Sooner or later, the risks these intermediaries are creating for all facets of the healthcare system will become evident, and their inability to be able to continue to feed the monster of their own creation will become obvious to their shareholders.
This will make them more and more susceptible to competitive pressures, and proven healthcare outcome improvements driven by providers, governments, and consumers will eventually force their transformation, and possibly doom the health insurance intermediary model altogether.
Until then, healthcare costs will continue to rise with more of the costs being shifted to individuals as the financial intermediaries place further restrictions and burdens on providers, all in an effort to obviate coming clean about their inability to use data to establish the true costs and value of one treatment over another.
The true customers of healthcare providers, their patients, are those who should determine the value of a provider’s services, not intermediaries. Healthcare providers and their suppliers – such as the drug companies, PTs, imaging technology owners, etc. – must determine the degree to which the outcomes of an episode of healthcare were optimal or not. Determining what outcomes should be and what they actually turn out to be should be the purview of the providers.
Healthcare Providers Need to Wrest Control of Measuring Healthcare Results
The key will be for the healthcare providers to be able to understand what matters and actually contributes to desired and actual outcomes. Patient history, quality of life, duration of life, time to diagnosis, response to prescribed treatments, patient adherence, treatment efficacy, and functional outcomes are the base-line or the anti-to-play in these measurements.
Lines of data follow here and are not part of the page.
(* Neither the sequential fan $S_\omega$ nor Arens' space $S_2$ is self-selective.
   Context: For spaces $Y$, $X$, a map $\varphi:Y\to\mathcal P(X)\setminus\{\emptyset\}$ is lower semicontinuous (l.s.c.) if $\{y:\varphi(y)\cap U\neq\emptyset\}$ is open in $Y$ for every open $U\subseteq X$; a selection is a map $f:Y\to X$ with $f(y)\in\varphi(y)$ for all $y$. A space $X$ is self-selective if every l.s.c. map from $X$ to the nonempty closed subsets of $X$ has a continuous selection. The sequential fan $S_\omega$ is the quotient of the topological sum of countably many convergent sequences (with limits) obtained by identifying all limit points. Arens' space $S_2=\{x\}\cup\{x_n:n\in\omega\}\cup\{x_{n,m}:n,m\in\omega\}$: each $x_{n,m}$ is isolated; a neighborhood base at $x_n$ consists of the sets $\{x_n\}\cup\{x_{n,m}:m\in\omega\setminus K\}$, $K$ finite; a neighborhood base at $x$ consists of the sets $\{x\}\cup\{x_n:n\in\omega\setminus K\}\cup\{x_{n,m}:n\in\omega\setminus K,\ m>f(n)\}$ with $K$ finite and $f:\omega\to\omega$. *)

theory Defs
  imports "HOL-Analysis.Analysis"
begin
(* Let $A\in\mathbb{R}^{n\times d}$, $b\in\mathbb{R}^n$, and suppose $Ax=b$ admits a solution $x^*$. Let $w$ be a random variable in $\mathbb{R}^d$, and let $\mathcal{L}(w) = \mathrm{span}\lbrace z\in\mathbb{R}^n : \mathbb{P}[z'Aw=0]=1\rbrace$ and $\mathcal{C}(w) = \mathcal{L}(w)^\perp$. Let $\lbrace w_\ell:\ell\geq0\rbrace$ be random variables in $\mathbb{R}^d$ with $\mathbb{P}[Aw_\ell\in\mathcal{C}(w)]=1$ for all $\ell$. Let $x_0\in\mathbb{R}^d$ be arbitrary, $$x_{k+1} = x_k + \frac{w_kw_k'A'(b-Ax_k)}{\|Aw_k\|_2^2},$$ and $r_k = Ax_k - b$ for $k\geq0$. Define $\tau_0 = 0$, $\tau_1 = \min\lbrace k\geq0 : \mathrm{span}\lbrace Aw_0,\ldots,Aw_k\rbrace = \mathcal{C}(w)\rbrace$, and for $\ell\geq2$, $\tau_\ell = \min\lbrace k>\tau_{\ell-1} : \mathrm{span}\lbrace Aw_{\tau_{\ell-1}+1},\ldots,Aw_k\rbrace = \mathcal{C}(w)\rbrace$ if $\tau_{\ell-1}<\infty$, else $\tau_\ell = \infty$. For finite stopping times, let $\mathcal{F}_\ell$ be the set of matrices whose columns form a maximal linearly independent subset of $\lbrace Aw_{\tau_{\ell-1}+1}/\|Aw_{\tau_{\ell-1}+1}\|_2,\ldots,Aw_{\tau_\ell}/\|Aw_{\tau_\ell}\|_2\rbrace$, and $\gamma_\ell = 1-\min_{F\in\mathcal{F}_\ell}\det(F'F)$. Then $\gamma_\ell\in[0,1)$ and, for any $\ell$, on the event $\lbrace\tau_\ell<\infty\rbrace$, $$\|r_{\tau_\ell+1} - P_{\mathcal{L}(w)}r_0\|_2^2 \leq \Big(\prod_{j=1}^\ell\gamma_j\Big)\|P_{\mathcal{C}(w)}r_0\|_2^2.$$ Therefore, for any $k$, $\|r_k - P_{\mathcal{L}(w)}r_0\|_2^2 \leq \big(\prod_{j=1}^{L(k)}\gamma_j\big)\|P_{\mathcal{C}(w)}r_0\|_2^2$, where $L(k) = \max\lbrace\ell : k\geq\tau_\ell+1\rbrace$, on the event $\lbrace\tau_{L(k)}<\infty\rbrace$.
   Context: $P_W$ is orthogonal projection onto $W$; $A'$ is the transpose. The iteration presupposes $Aw_k\neq0$. *)

theory Defs
  imports "HOL-Probability.Probability"
begin

definition Lsp :: "real^'d^'n \<Rightarrow> 's measure \<Rightarrow> ('s \<Rightarrow> real^'d) \<Rightarrow> (real^'n) set" where
  "Lsp A M w = span {z. measure M {\<omega> \<in> space M. z \<bullet> (A *v w \<omega>) = 0} = 1}"

definition Csp :: "real^'d^'n \<Rightarrow> 's measure \<Rightarrow> ('s \<Rightarrow> real^'d) \<Rightarrow> (real^'n) set" where
  "Csp A M w = {y. \<forall>z \<in> Lsp A M w. z \<bullet> y = 0}"

definition oproj :: "'a::real_inner set \<Rightarrow> 'a \<Rightarrow> 'a" where
  "oproj W x = (THE p. p \<in> W \<and> (\<forall>y\<in>W. (x - p) \<bullet> y = 0))"

fun kz_iter :: "real^'d^'n \<Rightarrow> real^'n \<Rightarrow> real^'d \<Rightarrow> (nat \<Rightarrow> real^'d) \<Rightarrow> nat \<Rightarrow> real^'d" where
  "kz_iter A b x0 w 0 = x0"
| "kz_iter A b x0 w (Suc k) =
     (let xk = kz_iter A b x0 w k
      in xk + ((w k \<bullet> (transpose A *v (b - A *v xk))) / (norm (A *v w k))^2) *\<^sub>R w k)"

text \<open>Stopping times tau_l for the sequence v k = A w_k and target subspace C.\<close>
fun stop_time :: "'a::real_vector set \<Rightarrow> (nat \<Rightarrow> 'a) \<Rightarrow> nat \<Rightarrow> enat" where
  "stop_time C v 0 = 0"
| "stop_time C v (Suc 0) =
     (if \<exists>k. span (v ` {0..k}) = C then enat (LEAST k. span (v ` {0..k}) = C) else \<infinity>)"
| "stop_time C v (Suc (Suc l)) =
     (case stop_time C v (Suc l) of
        enat t \<Rightarrow> (if \<exists>k. t < k \<and> span (v ` {t<..k}) = C
                   then enat (LEAST k. t < k \<and> span (v ` {t<..k}) = C) else \<infinity>)
      | \<infinity> \<Rightarrow> \<infinity>)"

definition blk_start :: "'a::real_vector set \<Rightarrow> (nat \<Rightarrow> 'a) \<Rightarrow> nat \<Rightarrow> nat" where
  "blk_start C v l = (if l = 1 then 0 else the_enat (stop_time C v (l - 1)) + 1)"

text \<open>det(F'F) for the matrix F with columns us (Leibniz expansion of the Gram determinant).\<close>
definition gram_det :: "'a::real_inner list \<Rightarrow> real" where
  "gram_det us = (\<Sum>p | p permutes {..<length us}.
       of_int (sign p) * (\<Prod>i<length us. us ! i \<bullet> us ! (p i)))"

text \<open>Matrices (column lists) whose columns form a maximal linearly independent subset of S.\<close>
definition max_indep_cols :: "'a::real_vector set \<Rightarrow> 'a list set" where
  "max_indep_cols S = {us. distinct us \<and> set us \<subseteq> S \<and> independent (set us) \<and>
      (\<forall>T. set us \<subseteq> T \<and> T \<subseteq> S \<and> independent T \<longrightarrow> T = set us)}"

definition gamma_blk :: "'a::real_inner set \<Rightarrow> (nat \<Rightarrow> 'a) \<Rightarrow> nat \<Rightarrow> real" where
  "gamma_blk C v l = 1 - Min (gram_det ` max_indep_cols
      ((\<lambda>j. v j /\<^sub>R norm (v j)) ` {blk_start C v l .. the_enat (stop_time C v l)}))"

end

theory Submission
  imports Defs "Jordan_Normal_Form.Determinant"
begin

text \<open>
  With \<open>u\<^sub>k = A w\<^sub>k / \<parallel>A w\<^sub>k\<parallel>\<close>, one step of the iteration replaces the residual \<open>r\<^sub>k\<close> by its
  orthogonal projection onto \<open>u\<^sub>k\<^sup>\<bottom>\<close>. Since every \<open>u\<^sub>k\<close> lies in \<open>C = L\<^sup>\<bottom>\<close>, the component
  \<open>P\<^sub>L r\<^sub>0\<close> is never changed, and the error \<open>e\<^sub>k = r\<^sub>k - P\<^sub>L r\<^sub>0\<close> starts at \<open>P\<^sub>C r\<^sub>0\<close> and evolves
  inside \<open>C\<close> by the same projections; in particular \<open>\<parallel>e\<^sub>k\<parallel>\<close> is non-increasing.

  On a block of unit vectors spanning \<open>C\<close> the product of these projections contracts squared
  norms by \<open>1 - det(F'F)\<close>, where \<open>F\<close> is the maximal independent sublist selected greedily
  (Meany's inequality). This is proved by induction on the block: appending \<open>u = s + t\<close> with
  \<open>s\<close> in the span of the previous vectors and \<open>t\<close> orthogonal to it multiplies the Gram
  determinant by \<open>\<parallel>t\<parallel>\<^sup>2\<close>, and an elementary quadratic inequality controls the new norm.
  Since \<open>det(F'F) \<ge> min\<^sub>F det(F'F) > 0\<close>, each block contracts by \<open>\<gamma>\<^sub>\<ell> < 1\<close>; chaining the blocks
  gives the bound at \<open>\<tau>\<^sub>\<ell> + 1\<close>, and monotonicity of \<open>\<parallel>e\<^sub>k\<parallel>\<close> the bound for arbitrary \<open>k\<close>.
\<close>

no_notation scalar_prod (infix "\<bullet>" 70)
hide_const (open) Matrix.orthogonal
hide_fact (open) Matrix.orthogonal_def

section \<open>Gram determinants\<close>

definition gram_matrix :: "'a::real_inner list \<Rightarrow> real mat" where
  "gram_matrix us = mat (length us) (length us) (\<lambda>(i, j). us ! i \<bullet> us ! j)"

lemma gram_matrix_carrier [simp]: "gram_matrix us \<in> carrier_mat (length us) (length us)"
  by (simp add: gram_matrix_def)

lemma gram_det_eq_det: "gram_det us = det (gram_matrix us)"
  unfolding gram_det_def det_def gram_matrix_def by (simp add: atLeast0LessThan)

lemma gram_det_Nil [simp]: "gram_det [] = 1"
  by (simp add: gram_det_def)

lemma span_set_list_sum:
  fixes F :: "'a::real_vector list"
  assumes "x \<in> span (set F)"
  shows "\<exists>c. x = (\<Sum>i<length F. c i *\<^sub>R F ! i)"
  using assms
proof (induction F arbitrary: x rule: rev_induct)
  case (snoc a F)
  then obtain k where "x - k *\<^sub>R a \<in> span (set F)"
    by (auto simp: span_breakdown_eq)
  with snoc.IH obtain c where c: "x - k *\<^sub>R a = (\<Sum>i<length F. c i *\<^sub>R F ! i)"
    by blast
  have "x = (\<Sum>i<length (F @ [a]). (c(length F := k)) i *\<^sub>R (F @ [a]) ! i)"
    using c by (simp add: nth_append algebra_simps)
  then show ?case by blast
qed simp

lemma gram_matrix_lincomb:
  fixes U W :: "'a::real_inner list"
  assumes E: "E \<in> carrier_mat n n" and len: "length U = n" "length W = n"
    and U: "\<And>j. j < n \<Longrightarrow> U ! j = (\<Sum>a<n. E $$ (a, j) *\<^sub>R W ! a)"
  shows "gram_matrix U = transpose_mat E * gram_matrix W * E"
proof (rule eq_matI)
  fix i j assume "i < dim_row (transpose_mat E * gram_matrix W * E)"
    and "j < dim_col (transpose_mat E * gram_matrix W * E)"
  then have i: "i < n" and j: "j < n" using E by auto
  have "gram_matrix U $$ (i, j) = (\<Sum>a<n. \<Sum>b<n. E $$ (a, i) * E $$ (b, j) * (W ! a \<bullet> W ! b))"
    using i j len by (simp add: gram_matrix_def U inner_sum_left inner_sum_right sum_distrib_left mult_ac)
  also have "\<dots> = (\<Sum>b<n. (\<Sum>a<n. E $$ (a, i) * (W ! a \<bullet> W ! b)) * E $$ (b, j))"
    by (subst sum.swap) (simp add: sum_distrib_left sum_distrib_right mult_ac)
  also have "\<dots> = (transpose_mat E * gram_matrix W * E) $$ (i, j)"
    using i j E len by (simp add: scalar_prod_def gram_matrix_def atLeast0LessThan sum_distrib_right)
  finally show "gram_matrix U $$ (i, j) = (transpose_mat E * gram_matrix W * E) $$ (i, j)" .
qed (use E len in \<open>auto simp: gram_matrix_def\<close>)

lemma gram_det_append_lincomb:
  fixes F :: "'a::real_inner list" and c :: "nat \<Rightarrow> real"
  defines "s \<equiv> \<Sum>i<length F. c i *\<^sub>R F ! i"
  shows "gram_det (F @ [s + t]) = gram_det (F @ [t])"
proof -
  let ?n = "length F"
  txt \<open>Column operations: \<open>F @ [s + t] = (F @ [t]) E\<close> with \<open>E\<close> unit upper triangular.\<close>
  define E :: "real mat"
    where "E = mat (Suc ?n) (Suc ?n) (\<lambda>(i, j). if i = j then 1 else if j = ?n then c i else 0)"
  have E: "E \<in> carrier_mat (Suc ?n) (Suc ?n)" by (simp add: E_def)
  have "det E = (\<Prod>i = 0..<Suc ?n. E $$ (i, i))"
    using det_upper_triangular[OF _ E] by (auto simp: upper_triangular_def E_def prod_list_diag_prod)
  also have "\<dots> = 1" by (intro prod.neutral) (simp add: E_def)
  finally have det_E: "det E = 1" .
  have "(F @ [s + t]) ! j = (\<Sum>a<Suc ?n. E $$ (a, j) *\<^sub>R (F @ [t]) ! a)" if "j < Suc ?n" for j
  proof (cases "j = ?n")
    case True
    then show ?thesis by (simp add: E_def nth_append s_def)
  next
    case False
    then have "(\<Sum>a<Suc ?n. E $$ (a, j) *\<^sub>R (F @ [t]) ! a) = (\<Sum>a<Suc ?n. if a = j then (F @ [t]) ! j else 0)"
      using that by (intro sum.cong) (auto simp: E_def)
    then show ?thesis using False that by (simp add: nth_append)
  qed
  then have "gram_matrix (F @ [s + t]) = transpose_mat E * gram_matrix (F @ [t]) * E"
    by (intro gram_matrix_lincomb[OF E]) simp_all
  moreover have G: "gram_matrix (F @ [t]) \<in> carrier_mat (Suc ?n) (Suc ?n)"
    using gram_matrix_carrier[of "F @ [t]"] by simp
  ultimately have "gram_det (F @ [s + t]) = det (transpose_mat E * gram_matrix (F @ [t])) * det E"
    using E by (simp add: gram_det_eq_det det_mult[of _ "Suc ?n"] mult_carrier_mat)
  also have "\<dots> = det (transpose_mat E) * det (gram_matrix (F @ [t])) * det E"
    using E G by (simp add: det_mult[of _ "Suc ?n"])
  finally show ?thesis
    using E det_E by (simp add: gram_det_eq_det det_transpose)
qed

lemma gram_det_append_add_span:
  fixes F :: "'a::real_inner list"
  assumes "s \<in> span (set F)"
  shows "gram_det (F @ [s + t]) = gram_det (F @ [t])"
  using span_set_list_sum[OF assms] gram_det_append_lincomb by metis

lemma gram_det_append_orthogonal:
  fixes F :: "'a::real_inner list"
  assumes "\<forall>f\<in>set F. f \<bullet> t = 0"
  shows "gram_det (F @ [t]) = gram_det F * (norm t)\<^sup>2"
proof -
  let ?n = "length F"
  have "gram_matrix (F @ [t]) = four_block_mat (gram_matrix F) (0\<^sub>m ?n 1)
      (mat 1 ?n (\<lambda>(i, j). t \<bullet> F ! j)) (mat 1 1 (\<lambda>_. t \<bullet> t))"
    using assms by (intro eq_matI) (auto simp: gram_matrix_def nth_append inner_commute)
  then show ?thesis
    by (simp add: gram_det_eq_det det_four_block_mat_upper_right_zero[of _ ?n _ 1] det_single
        power2_norm_eq_inner)
qed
If healthcare providers can make the shift toward taking more control over defining what outcomes mean and what it costs to achieve desired outcomes, then more providers might consider offering their own health plans. If all providers could see and understand the full patient picture, which includes financial as well as healthcare impacts, I believe they would be more likely to up us reduce or even eliminate the need for third-party billers and the payers.
Health Insurance companies, which got their start by assessing and assuming risk, have gone to great lengths in recent years to insulate themselves from as much risk as possible. But over the next 10 years, we could see a major shift to defined contribution health benefits plans, similar to the recent shift in retirement plans from defined benefit to defined contribution. I am not advocating any particular solution or strategy, just pointing out that things cannot and will not stay the same.
Today, because of poor customer service, high premiums, and constant pressure on payments to providers, and especially PTs, I believe we are now seeing that a disintermediation process has begun. With new approaches to determining and measuring outcomes through a greater reliance on data, this pot is about to boil over.
Even though the healthcare insurance industry currently has Wizard of Oz-like power, betting on their survival seems to me to be a losing hand – maybe not in the short term, but definitely in the medium to long term.